Dataset content START

theorem lemma5p3:
  fixes E :: "'v::finite set set"
    and d :: "'v set \<Rightarrow> real"
    and b :: "'v \<Rightarrow> 'n::finite \<Rightarrow> real^'n"
    and h1 h2 h1' h2' h1'' h2'' :: "real \<Rightarrow> real"
  assumes E_nonempty: "E \<noteq> {}"
    and E_edges: "\<forall>e\<in>E. card e = 2"
    and d_nonneg: "\<forall>e\<in>E. d e \<ge> 0"
    and b_orthonormal: "\<forall>i k l. b i k \<bullet> b i l = (if k = l then 1 else 0)"
    and h1_zero: "\<forall>y\<le>0. h1 y = 0"
    and h2_zero: "\<forall>y\<le>0. h2 y = 0"
    and h1_bounded: "\<exists>M. \<forall>y>0. \<bar>h1 y\<bar> \<le> M"
    and h2_bounded: "\<exists>M. \<forall>y>0. \<bar>h2 y\<bar> \<le> M"
    and h1_deriv: "\<forall>y>0. (h1 has_real_derivative h1' y) (at y)"
    and h2_deriv: "\<forall>y>0. (h2 has_real_derivative h2' y) (at y)"
    and h1_deriv2: "\<forall>y>0. (h1' has_real_derivative h1'' y) (at y)"
    and h2_deriv2: "\<forall>y>0. (h2' has_real_derivative h2'' y) (at y)"
    and h1_C2: "continuous_on {0<..} h1''"
    and h2_C2: "continuous_on {0<..} h2''"
    and h1_iii: "\<exists>M. \<forall>\<^sub>F y in at_right 0. \<bar>h1 y / y\<bar> \<le> M"
    and h2_iii: "\<exists>M. \<forall>\<^sub>F y in at_right 0. \<bar>h2 y / y\<bar> \<le> M"
    and h1_iv: "\<exists>M. \<forall>\<^sub>F y in at_right 0. \<bar>h1' y\<bar> \<le> M"
    and h2_iv: "\<exists>M. \<forall>\<^sub>F y in at_right 0. \<bar>h2' y\<bar> \<le> M"
    and h1_v: "\<exists>M. \<forall>\<^sub>F y in at_right 0. \<bar>h1'' y * y\<bar> \<le> M"
    and h2_v: "\<exists>M. \<forall>\<^sub>F y in at_right 0. \<bar>h2'' y * y\<bar> \<le> M"
    and h_vi: "\<exists>r' c'. r' > 0 \<and> c' > 0 \<and>
                 (\<forall>y. 0 < y \<and> y \<le> r' \<longrightarrow> h2' y * h1 y - h1' y * h2 y \<le> - c' * y)"
  shows "\<exists>c r. c > 0 \<and> r > 0 \<and>
           (\<forall>p::real^'n^'v. psi E d p \<le> r \<longrightarrow>
              lie_deriv (Yfield E d b h1 h2) (psi E d) p
                \<le> - c * norm (grad (psi E d) p) ^ 4)"
proof -
  obtain r c where "r > 0" "c > 0"
    and h_neg: "\<forall>y. 0 < y \<and> y \<le> r \<longrightarrow> h2' y * h1 y - h1' y * h2 y \<le> - c * y"
    using h_vi by blast
  have "c / (8 * (2 + (\<Sum>e\<in>E. d e^2)) * CARD('v)^2) > 0"
    using \<open>c > 0\<close> by (simp add: sum_nonneg add_pos_nonneg)
  with \<open>r > 0\<close> show ?thesis
    using lie_deriv_Yfield_psi_le[OF E_edges b_orthonormal h1_zero h1_iii h1_deriv
        h2_zero h2_iii h2_deriv h_neg] \<open>c > 0\<close>
    by (intro exI[of _ "c / (8 * (2 + (\<Sum>e\<in>E. d e^2)) * CARD('v)^2)"] exI[of _ "min r 1"]) auto
qed

end
lemma aggregated_linearization_bound:
  fixes xs :: "'p \<Rightarrow> nat \<Rightarrow> 'a::real_inner" and xl :: "'p \<Rightarrow> nat \<Rightarrow> nat \<Rightarrow> 'a"
    and \<theta> \<tau> :: "nat \<Rightarrow> real"
  assumes m: "m \<ge> 1" and k: "k \<ge> 1"
    and f_convex: "\<And>i. i \<in> {1..m} \<Longrightarrow> convex_on X (f i)"
    and f_grad: "\<And>i. i \<in> {1..m} \<Longrightarrow> (f i has_derivative (\<lambda>h. inner (a i) h)) (at x within X)"
    and x: "x \<in> X" and xl_mem: "\<And>\<sigma> i. \<sigma> \<in> P \<Longrightarrow> i \<in> {1..m} \<Longrightarrow> xl \<sigma> k i \<in> X"
    and xl_0: "\<And>\<sigma> i. \<sigma> \<in> P \<Longrightarrow> i \<in> {1..m} \<Longrightarrow> xl \<sigma> 0 i = x0"
    and recursion: "\<And>t i. t \<in> {1..k} \<Longrightarrow> i \<in> {1..m} \<Longrightarrow>
          (real m * (1 + \<tau> t)) *\<^sub>R (\<Sum>\<sigma>\<in>P. xl \<sigma> t i)
          = (\<Sum>\<sigma>\<in>P. xs \<sigma> t) + (real m * (1 + \<tau> t) - 1) *\<^sub>R (\<Sum>\<sigma>\<in>P. xl \<sigma> (t - 1) i)"
    and weights: "\<And>t. t \<in> {2..k} \<Longrightarrow>
          \<theta> t * (real m * (1 + \<tau> t) - 1) = \<theta> (t - 1) * real m * (1 + \<tau> (t - 1))"
    and T_nonneg: "\<theta> k * (1 + \<tau> k) \<ge> 0"
  defines "g \<equiv> (1 / real m) *\<^sub>R (\<Sum>i=1..m. a i)" and "F \<equiv> (1 / real m) * (\<Sum>i=1..m. f i x)"
  shows "(\<Sum>t=1..k. \<theta> t * (\<Sum>\<sigma>\<in>P. inner g (xs \<sigma> t - x) + F))
         \<le> \<theta> k * (1 + \<tau> k) * (\<Sum>i=1..m. \<Sum>\<sigma>\<in>P. f i (xl \<sigma> k i))
           - \<theta> 1 * (real m * (1 + \<tau> 1) - 1) * real (card P) * (inner (x0 - x) g + F)"
proof -
  define r where "r t = real m * (1 + \<tau> t)" for t
  define T where "T = \<theta> k * (1 + \<tau> k)"
  define c where "c = \<theta> 1 * (r 1 - 1)"
  define N where "N = real (card P)"
  define Xs where "Xs t = (\<Sum>\<sigma>\<in>P. xs \<sigma> t)" for t
  define Vk where "Vk = (\<Sum>i=1..m. inner (a i) (\<Sum>\<sigma>\<in>P. xl \<sigma> k i))"
  have m_pos: "real m > 0" using m by simp
  have inner_g: "real m * inner g y = (\<Sum>i=1..m. inner (a i) y)" for y
    unfolding g_def using m_pos by (simp add: inner_sum_left)
  have mF: "real m * F = (\<Sum>i=1..m. f i x)"
    unfolding F_def using m_pos by simp
  have weights_r: "\<theta> t * (r t - 1) = \<theta> (t - 1) * r (t - 1)" if "t \<in> {2..k}" for t
    using weights[OF that] by (simp add: r_def)
  have mT: "real m * T = (\<Sum>t=1..k. \<theta> t) + c"
    using weighted_telescope[where \<theta> = \<theta> and r = r and U = "\<lambda>_. 1" and V = "\<lambda>_. 1::real", OF k weights_r]
    unfolding c_def T_def r_def by (simp add: algebra_simps)
  have "(real m * T) *\<^sub>R (\<Sum>\<sigma>\<in>P. xl \<sigma> k i) = (\<Sum>t=1..k. \<theta> t *\<^sub>R Xs t) + (c * N) *\<^sub>R x0"
    if "i \<in> {1..m}" for i
  proof -
    have "(\<Sum>\<sigma>\<in>P. xl \<sigma> 0 i) = N *\<^sub>R x0"
      unfolding N_def using xl_0 that by (simp add: sum_constant_scaleR)
    then show ?thesis
      using weighted_telescope[where \<theta> = \<theta> and r = r and V = "\<lambda>t. \<Sum>\<sigma>\<in>P. xl \<sigma> t i" and U = Xs,
          OF k weights_r] recursion that
      unfolding c_def Xs_def r_def T_def by (simp add: mult.left_commute)
  qed
  then have "real m * (T * Vk) = (\<Sum>i=1..m. inner (a i) ((\<Sum>t=1..k. \<theta> t *\<^sub>R Xs t) + (c * N) *\<^sub>R x0))"
    unfolding Vk_def sum_distrib_left by (intro sum.cong) (simp_all flip: inner_scaleR_right)
  also have "\<dots> = real m * ((\<Sum>t=1..k. \<theta> t * inner g (Xs t)) + c * N * inner g x0)"
    unfolding inner_g[symmetric] by (simp add: inner_add_right inner_sum_right)
  finally have "real m * (T * Vk) = real m * ((\<Sum>t=1..k. \<theta> t * inner g (Xs t)) + c * N * inner g x0)" .
  then have TV: "T * Vk = (\<Sum>t=1..k. \<theta> t * inner g (Xs t)) + c * N * inner g x0"
    using m_pos by simp
  have L: "(\<Sum>t=1..k. \<theta> t * (\<Sum>\<sigma>\<in>P. inner g (xs \<sigma> t - x) + F))
      = (\<Sum>t=1..k. \<theta> t * inner g (Xs t)) + (\<Sum>t=1..k. \<theta> t) * (N * (F - inner g x))"
    unfolding Xs_def N_def
    by (simp add: sum.distrib sum_subtractf inner_diff_right inner_sum_right sum_distrib_left
        sum_distrib_right algebra_simps)
  have "f i x + inner (a i) (xl \<sigma> k i - x) \<le> f i (xl \<sigma> k i)" if "i \<in> {1..m}" "\<sigma> \<in> P" for i \<sigma>
    using convex_on_imp_above_tangent_within[OF f_convex x xl_mem f_grad] that by simp
  then have "(\<Sum>i=1..m. \<Sum>\<sigma>\<in>P. f i x + inner (a i) (xl \<sigma> k i - x)) \<le> (\<Sum>i=1..m. \<Sum>\<sigma>\<in>P. f i (xl \<sigma> k i))"
    by (intro sum_mono) auto
  moreover have "(\<Sum>i=1..m. \<Sum>\<sigma>\<in>P. f i x + inner (a i) (xl \<sigma> k i - x))
      = N * (\<Sum>i=1..m. f i x) - N * (\<Sum>i=1..m. inner (a i) x) + Vk"
    unfolding Vk_def N_def
    by (simp add: sum.distrib inner_diff_right inner_sum_right sum_subtractf algebra_simps sum_distrib_left)
  ultimately have conv: "N * (real m * (F - inner g x)) + Vk \<le> (\<Sum>i=1..m. \<Sum>\<sigma>\<in>P. f i (xl \<sigma> k i))"
    unfolding mF[symmetric] inner_g[symmetric] by (simp add: algebra_simps)
  have "T * (N * (real m * (F - inner g x))) = ((\<Sum>t=1..k. \<theta> t) + c) * (N * (F - inner g x))"
    unfolding mT[symmetric] by (simp add: algebra_simps)
  then have "T * (N * (real m * (F - inner g x))) + T * Vk
      = (\<Sum>t=1..k. \<theta> t * (\<Sum>\<sigma>\<in>P. inner g (xs \<sigma> t - x) + F)) + c * N * (inner (x0 - x) g + F)"
    unfolding L TV by (simp add: inner_diff_left inner_commute algebra_simps)
  moreover have "T * (N * (real m * (F - inner g x))) + T * Vk \<le> T * (\<Sum>i=1..m. \<Sum>\<sigma>\<in>P. f i (xl \<sigma> k i))"
    using mult_left_mono[OF conv T_nonneg[folded T_def]] by (simp add: algebra_simps)
  ultimately show ?thesis unfolding T_def c_def r_def N_def by linarith
qed
(* Let $S=\{a_1,\ldots,a_m\}$ be an alphabet of $m$ distinct letters and let $r_1,\ldots,r_m$ be nonnegative integers. For $k\ge0$ let $n_k$ denote the number of factorizations on $S$ with exactly $k$ parts such that each part is a Carlitz word and, for each $i$, the letter $a_i$ is used exactly $r_i$ times in total. Then \[ \prod_{i=1}^m l_{r_i}(x) = \sum_{k\ge 0} n_k\, l_k(x). \]
   Context: A word is a finite sequence of letters; it is Carlitz if no two adjacent letters are equal. A factorization on $S$ is an ordered list $(\phi_1)\cdots(\phi_k)$ of nonempty words on $S$, its parts. The polynomials $l_k$ are defined by $\sum_{k\ge0}l_k(x)z^k=e^{xz/(1+z)}$, i.e. $l_k(x)=(-1)^kL_k^{(-1)}(x)$ where $L_k^{(\alpha)}$ are the generalized Laguerre polynomials. *)

theory Defs
  imports Complex_Main "HOL-Computational_Algebra.Formal_Power_Series"
begin

definition lpoly :: "nat \<Rightarrow> real \<Rightarrow> real" where
  "lpoly k x = fps_nth (fps_compose (fps_exp x) (fps_X / (1 + fps_X))) k"

definition carlitz :: "'a list \<Rightarrow> bool" where
  "carlitz w \<longleftrightarrow> (\<forall>i. Suc i < length w \<longrightarrow> w ! i \<noteq> w ! Suc i)"

definition carlitz_facts :: "'a set \<Rightarrow> (nat \<Rightarrow> 'a) \<Rightarrow> nat \<Rightarrow> (nat \<Rightarrow> nat) \<Rightarrow> nat \<Rightarrow> 'a list list set" where
  "carlitz_facts S a m r k = {F. length F = k \<and> (\<forall>w\<in>set F. w \<noteq> [] \<and> set w \<subseteq> S \<and> carlitz w)
      \<and> (\<forall>i<m. count_list (concat F) (a i) = r i)}"

end

theory Submission
  imports Defs
begin

text \<open>
  Let \<open>t\<close> mark the length of a word and \<open>v\<^sub>c = y\<^bsup>\<omega> c\<^esup>\<close> each occurrence of the letter \<open>c\<close>;
  let \<open>C\<close> be the generating function of nonempty Carlitz words and \<open>C\<^sub>c\<close> that of those
  ending in \<open>c\<close>. Appending \<open>c\<close> to a Carlitz word not ending in \<open>c\<close> gives
  \<open>C\<^sub>c = v\<^sub>c t (1 + C - C\<^sub>c)\<close>, hence \<open>C / (1 + C) = \<Sum>\<^sub>c v\<^sub>c t / (1 + v\<^sub>c t)\<close>. Since
  \<open>L(z) = exp (x z / (1 + z))\<close> depends on \<open>z\<close> only through \<open>z / (1 + z)\<close> and turns sums of such
  terms into products, \<open>L(C) = \<Prod>\<^sub>c L(v\<^sub>c t)\<close>. In \<open>L(C) = \<Sum>\<^sub>k l\<^sub>k C\<^sup>k\<close> the coefficient of
  \<open>t\<^sup>N y\<^sup>D\<close> is \<open>\<Sum>\<^sub>k l\<^sub>k\<close> times the number of factorizations with \<open>k\<close> parts, \<open>N\<close> letters and
  weight \<open>D\<close>; in \<open>\<Prod>\<^sub>c L(v\<^sub>c t)\<close> it is a sum of products of the \<open>l\<^sub>k\<close> over letter
  multiplicities of weight \<open>D\<close>. With \<open>\<omega> (a\<^sub>i) = B\<^sup>i\<close> and \<open>B > N\<close> the weight determines the
  multiplicities as base-\<open>B\<close> digits, so both sums collapse to the two sides of the identity.

  As \<open>fps_exp\<close> needs a field of coefficients, \<open>L(C) = \<Prod>\<^sub>c L(v\<^sub>c t)\<close> is proved by showing that
  both sides solve \<open>F' = F \<cdot> x U'\<close> with \<open>U = C / (1 + C)\<close> and have the same constant term.
\<close>

unbundle fps_syntax

section \<open>Power series identities\<close>

lemma fps_const_sum: "fps_const (\<Sum>i\<in>A. f i) = (\<Sum>i\<in>A. fps_const (f i))"
  by (induction A rule: infinite_finite_induct) (simp_all flip: fps_const_add)

lemma fps_const_prod: "fps_const (\<Prod>i\<in>A. f i) = (\<Prod>i\<in>A. fps_const (f i))"
  by (induction A rule: infinite_finite_induct) (simp_all flip: fps_const_mult)

definition fps_div_one_plus :: "'a::comm_ring_1 fps \<Rightarrow> 'a fps" where
  "fps_div_one_plus v = v * fps_right_inverse (1 + v) 1"

lemma fps_div_one_plus_mult:
  assumes "v $ 0 = 0"
  shows "fps_div_one_plus v * (1 + v) = v"
  using fps_right_inverse[of "1 + v" 1] assms by (simp add: fps_div_one_plus_def mult_ac)

lemma fps_div_one_plus_eq:
  fixes v C D :: "'a::comm_ring_1 fps"
  assumes "v $ 0 = 0" "D = v * (1 + C - D)"
  shows "D = fps_div_one_plus v * (1 + C)"
proof -
  have "D * (1 + v) = v * (1 + C)"
    using assms(2) by (simp add: algebra_simps)
  then have "D * ((1 + v) * fps_right_inverse (1 + v) 1) = v * (1 + C) * fps_right_inverse (1 + v) 1"
    by (metis mult.assoc)
  then show ?thesis
    using fps_right_inverse[of "1 + v" 1] assms(1) by (simp add: fps_div_one_plus_def mult_ac)
qed

lemma fps_ode_unique:
  fixes f g Q :: "'a::{idom,semiring_char_0} fps"
  assumes "fps_deriv f = f * Q" "fps_deriv g = g * Q" "f $ 0 = g $ 0"
  shows "f = g"
proof -
  define e where "e = f - g"
  have de: "fps_deriv e = e * Q"
    using assms(1,2) by (simp add: e_def algebra_simps)
  have "e $ n = 0" for n
  proof (induction n rule: less_induct)
    case (less n)
    show ?case
    proof (cases n)
      case 0
      then show ?thesis using assms(3) by (simp add: e_def)
    next
      case (Suc k)
      have "of_nat (Suc k) * e $ Suc k = (e * Q) $ k"
        using arg_cong[OF de, of "\<lambda>h. h $ k"] by simp
      also have "\<dots> = 0"
        using less Suc by (simp add: fps_mult_nth)
      finally have "(of_nat (Suc k) :: 'a) * e $ Suc k = 0" .
      then show ?thesis using Suc of_nat_neq_0[of k] by (auto simp only: mult_eq_0_iff)
    qed
  qed
  then show ?thesis by (simp add: e_def fps_eq_iff)
qed

lemma fps_deriv_prod_eq_mult_sum:
  fixes f Q :: "'b \<Rightarrow> 'a::comm_ring_1 fps"
  assumes "finite I" "\<And>i. i \<in> I \<Longrightarrow> fps_deriv (f i) = f i * Q i"
  shows "fps_deriv (\<Prod>i\<in>I. f i) = (\<Prod>i\<in>I. f i) * (\<Sum>i\<in>I. Q i)"
  using assms by (induction I rule: finite_induct) (simp_all add: algebra_simps)

lemma fps_deriv_eq_of_mult_one_plus:
  fixes C U :: "'a::comm_ring_1 fps"
  assumes "U * (1 + C) = C"
  shows "fps_deriv C = fps_deriv U * (1 + C)^2"
proof -
  have unit: "(1 - U) * (1 + C) = 1"
    using assms by (simp add: algebra_simps)
  have "fps_deriv C * (1 - U) = fps_deriv U * (1 + C)"
    using arg_cong[OF assms, of fps_deriv] by (simp add: algebra_simps)
  then have "fps_deriv C * ((1 - U) * (1 + C)) = fps_deriv U * (1 + C)^2"
    by (metis mult.assoc power2_eq_square)
  then show ?thesis by (simp add: unit)
qed

lemma fps_compose_one_plus_X_power:
  fixes C :: "'a::idom fps"
  assumes "C $ 0 = 0"
  shows "(1 + fps_X) ^ n oo C = (1 + C) ^ n"
  using assms by (simp add: fps_compose_power[symmetric] fps_compose_add_distrib)

lemma fps_compose_ode:
  fixes L C U :: "'a::idom fps"
  assumes L: "fps_deriv L * (1 + fps_X)^2 = fps_const c * L"
    and C: "C $ 0 = 0" "U * (1 + C) = C"
  shows "fps_deriv (L oo C) = (L oo C) * (fps_const c * fps_deriv U)"
proof -
  have "fps_deriv (L oo C) = (fps_deriv L oo C) * (1 + C)^2 * fps_deriv U"
    using C by (simp add: fps_compose_deriv fps_deriv_eq_of_mult_one_plus mult.assoc)
  also have "(fps_deriv L oo C) * (1 + C)^2 = fps_const c * (L oo C)"
    using arg_cong[OF L, of "\<lambda>h. h oo C"] C(1)
    by (simp add: fps_compose_mult_distrib fps_compose_one_plus_X_power)
  finally show ?thesis by (simp add: mult_ac)
qed

lemma fps_compose_eq_prod_compose:
  fixes L C :: "'a::{idom,semiring_char_0} fps" and Cs Us :: "'b \<Rightarrow> 'a fps"
  assumes L: "fps_deriv L * (1 + fps_X)^2 = fps_const c * L" "L $ 0 = 1"
    and I: "finite I" "\<And>i. i \<in> I \<Longrightarrow> Cs i $ 0 = 0" "\<And>i. i \<in> I \<Longrightarrow> Us i * (1 + Cs i) = Cs i"
    and C: "C $ 0 = 0" "(\<Sum>i\<in>I. Us i) * (1 + C) = C"
  shows "L oo C = (\<Prod>i\<in>I. L oo Cs i)"
proof (rule fps_ode_unique)
  show "fps_deriv (L oo C) = (L oo C) * (fps_const c * fps_deriv (\<Sum>i\<in>I. Us i))"
    using fps_compose_ode[OF L(1) C] .
  have "fps_deriv (\<Prod>i\<in>I. L oo Cs i) = (\<Prod>i\<in>I. L oo Cs i) * (\<Sum>i\<in>I. fps_const c * fps_deriv (Us i))"
    using I by (intro fps_deriv_prod_eq_mult_sum fps_compose_ode[OF L(1)]) auto
  then show "fps_deriv (\<Prod>i\<in>I. L oo Cs i) = (\<Prod>i\<in>I. L oo Cs i) * (fps_const c * fps_deriv (\<Sum>i\<in>I. Us i))"
    by (simp add: fps_deriv_sum sum_distrib_left)
  show "(L oo C) $ 0 = (\<Prod>i\<in>I. L oo Cs i) $ 0"
    using L(2) I(1) by (simp add: fps_prod_nth')
qed

section \<open>The Laguerre series\<close>

definition fps_lift :: "'a::zero fps \<Rightarrow> 'a fps fps" where
  "fps_lift f = Abs_fps (\<lambda>n. fps_const (f $ n))"

lemma fps_lift_nth [simp]: "fps_lift f $ n = fps_const (f $ n)"
  by (simp add: fps_lift_def)

lemma fps_lift_add: "fps_lift (f + g) = fps_lift f + fps_lift (g :: 'a::monoid_add fps)"
  by (simp add: fps_eq_iff)

lemma fps_lift_mult: "fps_lift (f * g) = fps_lift f * fps_lift (g :: 'a::comm_ring_1 fps)"
  by (simp add: fps_eq_iff fps_mult_nth fps_const_sum)

lemma fps_lift_deriv: "fps_lift (fps_deriv f) = fps_deriv (fps_lift (f :: 'a::comm_ring_1 fps))"
  by (simp add: fps_eq_iff flip: fps_of_nat)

Dataset content END

Your goal: In the entries above, count each line containing the word "thesis" and reply with only the count.

Task solution: 9